Voglio toccare Gesù, non solo ascoltarlo

Una riflessione sulVangelo secondo Marco (Mc 6,53-56)

In quel tempo, Gesù e i suoi discepoli, compiuta la traversata fino a terra, giunsero a Gennèsaret e approdarono.
Scesi dalla barca, la gente subito lo riconobbe e, accorrendo da tutta quella regione, cominciarono a portargli sulle barelle i malati, dovunque udivano che egli si trovasse.
E là dove giungeva, in villaggi o città o campagne, deponevano i malati nelle piazze e lo supplicavano di poter toccare almeno il lembo del suo mantello; e quanti lo toccavano venivano salvati.

Audio della riflessione

C’è una componente delicatissima della nostra esistenza che finisce per diventare determinante tutta la nostra vita: la nostra corporeità. La divisione in corpo e anima di tipo platonico, con un certo disprezzo per il corpo, come prigione dell’anima non fa più parte della nostra mentalità anche se ogni tanto riaffiorano comode semplificazioni, soprattutto quando si invecchia, quando il nostro corpo perde smalto, si appesantisce in malattie insopportabili, la prestanza fisica viene meno e il declino è irreversibile. Sappiamo invece che la corporeità e tutto quello che è legato ad essa, fa parte della globalità della persona e, quindi, va recuperata dal suo interno come un “segno”; soprattutto deve diventare lo spazio personalissimo e originale per vivere veri rapporti con tutti e veri rapporti di amore.  

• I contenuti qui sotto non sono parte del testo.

(* Let $G=(V_G,E_G)$ be an undirected graph whose vertex set is partitioned among machines $M_1,\dots,M_m$ (every vertex is owned by exactly one machine), and let $G_t$ denote the partition owned by $M_t$. Let $P=(V_P,E_P)$ be a connected undirected query graph. Let $v$ be a data vertex owned by $M_t$ and $u\in V_P$ a query vertex. If $\mathrm{Span}_P(u)\le \mathrm{BD}_{G_t}(v)$, then there is no embedding $f$ of $P$ in $G$ such that $f(u)=v$ and $f(u')$ is not owned by $M_t$ for some $u'\in V_P$ with $u'\neq u$.
   Context: An embedding of $P$ in $G$ is an injective map $f:V_P\to V_G$ such that $(f(u_1),f(u_2))\in E_G$ for every $(u_1,u_2)\in E_P$. A vertex $w$ owned by $M_t$ is a border vertex of $G_t$ if some neighbour of $w$ in $G$ is owned by a machine other than $M_t$; $V^b_{G_t}$ is the set of border vertices of $G_t$. The border distance of $v$ is $\mathrm{BD}_{G_t}(v)=\min_{v'\in V^b_{G_t}} \mathrm{dist}(v,v')$, where $\mathrm{dist}$ is the shortest-path distance in $G$. The span of $u$ is $\mathrm{Span}_P(u)=\max_{u'\in V_P}\mathrm{dist}_P(u,u')$, the maximum shortest-path distance in $P$ from $u$ to any vertex of $P$. *)

theory Defs
  imports Main "HOL-Library.Extended_Nat"
begin

text \<open>Graphs are given by a vertex set V and an edge relation E (a set of ordered pairs);
  undirectedness is expressed by symmetry of E.\<close>

definition walk :: "('v \<times> 'v) set \<Rightarrow> 'v list \<Rightarrow> bool" where
  "walk E xs \<longleftrightarrow> xs \<noteq> [] \<and> (\<forall>i. Suc i < length xs \<longrightarrow> (xs ! i, xs ! Suc i) \<in> E)"

text \<open>Shortest-path distance (number of edges); infinity if no path exists.\<close>
definition gdist :: "('v \<times> 'v) set \<Rightarrow> 'v \<Rightarrow> 'v \<Rightarrow> enat" where
  "gdist E x y = (INF xs \<in> {xs. walk E xs \<and> hd xs = x \<and> last xs = y}. enat (length xs - 1))"

definition graph_connected :: "'v set \<Rightarrow> ('v \<times> 'v) set \<Rightarrow> bool" where
  "graph_connected V E \<longleftrightarrow> (\<forall>x\<in>V. \<forall>y\<in>V. gdist E x y < \<infinity>)"

definition embedding ::
  "'u set \<Rightarrow> ('u \<times> 'u) set \<Rightarrow> 'v set \<Rightarrow> ('v \<times> 'v) set \<Rightarrow> ('u \<Rightarrow> 'v) \<Rightarrow> bool" where
  "embedding VP EP VG EG f \<longleftrightarrow> inj_on f VP \<and> f ` VP \<subseteq> VG \<and>
     (\<forall>(u1, u2) \<in> EP. (f u1, f u2) \<in> EG)"

definition border :: "'v set \<Rightarrow> ('v \<times> 'v) set \<Rightarrow> ('v \<Rightarrow> nat) \<Rightarrow> nat \<Rightarrow> 'v set" where
  "border VG EG own t = {w \<in> VG. own w = t \<and> (\<exists>w'. (w, w') \<in> EG \<and> own w' \<noteq> t)}"

text \<open>Border distance (infinity if there are no border vertices).\<close>
definition border_dist :: "'v set \<Rightarrow> ('v \<times> 'v) set \<Rightarrow> ('v \<Rightarrow> nat) \<Rightarrow> nat \<Rightarrow> 'v \<Rightarrow> enat" where
  "border_dist VG EG own t v = (INF w \<in> border VG EG own t. gdist EG v w)"

definition span :: "'u set \<Rightarrow> ('u \<times> 'u) set \<Rightarrow> 'u \<Rightarrow> enat" where
  "span VP EP u = (SUP u' \<in> VP. gdist EP u u')"

end

theory Submission
  imports Defs
begin

text \<open>Take a shortest path from u to u' in the query graph. Its image under an embedding f is a
  walk in G of the same length, at most Span(u) \<le> BD(v), from v (owned by M_t) to f(u')
  (not owned by M_t). The last vertex of the walk before it first leaves M_t is a border vertex,
  reached from v in fewer steps than the whole walk, so BD(v) is strictly smaller than the
  walk's length: a contradiction.\<close>

lemma gdist_walk_le:
  assumes "walk E xs"
  shows "gdist E (hd xs) (last xs) \<le> enat (length xs - 1)"
  unfolding gdist_def using assms by (auto intro!: INF_lower2)

lemma gdist_finite_obtains_shortest_walk:
  assumes "gdist E x y < \<infinity>"
  obtains xs where "walk E xs" "hd xs = x" "last xs = y" "gdist E x y = enat (length xs - 1)"
proof -
  let ?W = "{xs. walk E xs \<and> hd xs = x \<and> last xs = y}"
  have "?W \<noteq> {}"
  proof
    assume "?W = {}"
    then have "gdist E x y = \<infinity>"
      unfolding gdist_def by (simp only: \<open>?W = {}\<close> image_empty Inf_empty top_enat_def)
    with assms show False
      by simp
  qed
  then obtain xs where "xs \<in> ?W"
    by blast
  then have "gdist E x y \<in> (\<lambda>xs. enat (length xs - 1)) ` ?W"
    unfolding gdist_def by (intro wellorder_InfI) blast
  then show thesis
    using that by blast
qed

lemma gdist_le_span: "u' \<in> VP \<Longrightarrow> gdist EP u u' \<le> span VP EP u"
  unfolding span_def by (rule SUP_upper)

lemma walk_map:
  assumes "walk EP xs" "\<forall>(u1, u2) \<in> EP. (f u1, f u2) \<in> EG"
  shows "walk EG (map f xs)"
  using assms unfolding walk_def by auto

lemma walk_take:
  assumes "walk E xs" "0 < j"
  shows "walk E (take j xs)"
  using assms unfolding walk_def by auto

lemma list_crosses_predicate:
  assumes "xs \<noteq> []" "P (hd xs)" "\<not> P (last xs)"
  shows "\<exists>i. Suc i < length xs \<and> P (xs ! i) \<and> \<not> P (xs ! Suc i)"
  using assms
proof (induction xs)
  case Nil
  then show ?case by simp
next
  case (Cons x xs)
  then have "xs \<noteq> []"
    by auto
  show ?case
  proof (cases "P (hd xs)")
    case True
    with Cons.IH \<open>xs \<noteq> []\<close> Cons.prems(3) obtain i
      where "Suc i < length xs" "P (xs ! i)" "\<not> P (xs ! Suc i)"
      by auto
    then show ?thesis
      by (intro exI[of _ "Suc i"]) simp
  next
    case False
    with Cons.prems(2) \<open>xs \<noteq> []\<close> show ?thesis
      by (intro exI[of _ 0]) (simp add: hd_conv_nth)
  qed
qed

lemma border_dist_less_walk_length:
  assumes "EG \<subseteq> VG \<times> VG" "walk EG ys" "own (hd ys) = t" "own (last ys) \<noteq> t"
  shows "border_dist VG EG own t (hd ys) < enat (length ys - 1)"
proof -
  have "ys \<noteq> []"
    using assms(2) by (simp add: walk_def)
  with assms(3,4) obtain i where i: "Suc i < length ys" "own (ys ! i) = t" "own (ys ! Suc i) \<noteq> t"
    using list_crosses_predicate[of ys "\<lambda>w. own w = t"] by auto
  have "(ys ! i, ys ! Suc i) \<in> EG"
    using assms(2) i(1) by (simp add: walk_def)
  with assms(1) i have border: "ys ! i \<in> border VG EG own t"
    unfolding border_def by blast
  have prefix: "walk EG (take (Suc i) ys)" "hd (take (Suc i) ys) = hd ys"
    "last (take (Suc i) ys) = ys ! i" "length (take (Suc i) ys) = Suc i"
    using walk_take[OF assms(2)] i(1) \<open>ys \<noteq> []\<close> by (auto simp: last_conv_nth)
  have "border_dist VG EG own t (hd ys) \<le> gdist EG (hd ys) (ys ! i)"
    unfolding border_dist_def using border by (rule INF_lower)
  also have "\<dots> \<le> enat i"
    using gdist_walk_le[OF prefix(1)] prefix(2-4) by simp
  also have "\<dots> < enat (length ys - 1)"
    using i(1) by simp
  finally show ?thesis .
qed

theorem proposition1:
  fixes VG :: "'v set" and EG :: "('v \<times> 'v) set"
    and VP :: "'u set" and EP :: "('u \<times> 'u) set"
    and own :: "'v \<Rightarrow> nat" and m t :: nat and v :: 'v and u :: 'u
  assumes "finite VG" and "EG \<subseteq> VG \<times> VG" and "sym EG"
    and "\<forall>w\<in>VG. own w \<in> {1..m}"
    and "finite VP" and "EP \<subseteq> VP \<times> VP" and "sym EP"
    and "graph_connected VP EP"
    and "t \<in> {1..m}" and "v \<in> VG" and "own v = t" and "u \<in> VP"
    and "span VP EP u \<le> border_dist VG EG own t v"
  shows "\<not> (\<exists>f. embedding VP EP VG EG f \<and> f u = v \<and>
                (\<exists>u'\<in>VP. u' \<noteq> u \<and> own (f u') \<noteq> t))"
proof
  assume "\<exists>f. embedding VP EP VG EG f \<and> f u = v \<and>
                (\<exists>u'\<in>VP. u' \<noteq> u \<and> own (f u') \<noteq> t)"
  then obtain f u' where f: "embedding VP EP VG EG f" "f u = v"
    and u': "u' \<in> VP" "own (f u') \<noteq> t"
    by blast
  have "gdist EP u u' < \<infinity>"
    using assms(8,12) u'(1) by (simp add: graph_connected_def)
  then obtain xs where xs: "walk EP xs" "hd xs = u" "last xs = u'"
    and shortest: "gdist EP u u' = enat (length xs - 1)"
    by (rule gdist_finite_obtains_shortest_walk)
  have image: "walk EG (map f xs)"
    using walk_map[OF xs(1)] f(1) by (auto simp: embedding_def)
  with xs f(2) have "hd (map f xs) = v" "last (map f xs) = f u'"
    by (auto simp: walk_def hd_map last_map)
  with image have "border_dist VG EG own t v < gdist EP u u'"
    using border_dist_less_walk_length[OF assms(2)] assms(11) u'(2) shortest by fastforce
  also have "\<dots> \<le> span VP EP u"
    using u'(1) by (rule gdist_le_span)
  finally show False
    using assms(13) by simp
qed

end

In questo contesto dobbiamo collocare la nostra naturale necessità di vedere, toccare, sentire, gustare, far passare per la porta dei nostri sensi anche l’esperienza spirituale, anche il mondo misterioso della fede. 

Quando la gente va a qualche santuario vuole toccare la statua, vuol vedere, vuol entrare in contatto concreto con qualcosa. E non ci dobbiamo meravigliare, perché questo accade anche quando i giovani vanno a qualche concerto rock; avere una maglietta, un autografo, una bacchetta del batterista, un braccialetto del cantante, una stretta di mano, un bacio è il massimo per sentirsi dentro veramente in una esperienza. 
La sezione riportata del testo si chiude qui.